Top of DATA RECORDS

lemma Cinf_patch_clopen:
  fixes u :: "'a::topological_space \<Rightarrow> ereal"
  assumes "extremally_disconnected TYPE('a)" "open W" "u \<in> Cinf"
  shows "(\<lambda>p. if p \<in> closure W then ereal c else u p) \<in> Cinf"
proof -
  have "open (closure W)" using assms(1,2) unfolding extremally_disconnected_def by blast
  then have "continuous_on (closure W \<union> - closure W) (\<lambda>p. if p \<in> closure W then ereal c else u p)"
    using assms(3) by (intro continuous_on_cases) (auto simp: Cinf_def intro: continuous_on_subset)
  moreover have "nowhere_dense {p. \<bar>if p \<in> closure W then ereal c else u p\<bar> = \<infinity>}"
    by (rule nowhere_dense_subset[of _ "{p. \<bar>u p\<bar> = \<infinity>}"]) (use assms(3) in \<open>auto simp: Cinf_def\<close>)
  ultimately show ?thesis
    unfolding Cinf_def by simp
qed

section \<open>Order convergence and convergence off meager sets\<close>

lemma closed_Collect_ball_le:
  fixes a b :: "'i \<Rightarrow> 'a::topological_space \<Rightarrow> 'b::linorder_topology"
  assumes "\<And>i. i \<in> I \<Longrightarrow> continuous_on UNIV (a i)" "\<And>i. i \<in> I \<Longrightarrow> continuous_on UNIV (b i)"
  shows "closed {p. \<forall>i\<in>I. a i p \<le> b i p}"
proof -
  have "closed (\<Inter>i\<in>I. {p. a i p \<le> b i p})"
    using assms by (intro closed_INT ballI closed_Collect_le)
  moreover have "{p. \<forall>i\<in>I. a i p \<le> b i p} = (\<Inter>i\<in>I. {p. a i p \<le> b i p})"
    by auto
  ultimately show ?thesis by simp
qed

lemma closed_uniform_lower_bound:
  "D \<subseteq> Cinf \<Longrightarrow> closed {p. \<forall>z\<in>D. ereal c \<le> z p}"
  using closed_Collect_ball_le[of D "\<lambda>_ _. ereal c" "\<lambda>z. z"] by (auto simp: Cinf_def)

Bottom of DATA RECORDS

## EXERCISE OBJECTIVE
Go to the line with "else u p) \<in>" in the entries above and repeat every line from there through the line with "else u p\<bar>", exactly and with no other text.

## SOLUTION
  shows "(\<lambda>p. if p \<in> closure W then ereal c else u p) \<in> Cinf"
proof -
  have "open (closure W)" using assms(1,2) unfolding extremally_disconnected_def by blast
  then have "continuous_on (closure W \<union> - closure W) (\<lambda>p. if p \<in> closure W then ereal c else u p)"
    using assms(3) by (intro continuous_on_cases) (auto simp: Cinf_def intro: continuous_on_subset)
  moreover have "nowhere_dense {p. \<bar>if p \<in> closure W then ereal c else u p\<bar> = \<infinity>}"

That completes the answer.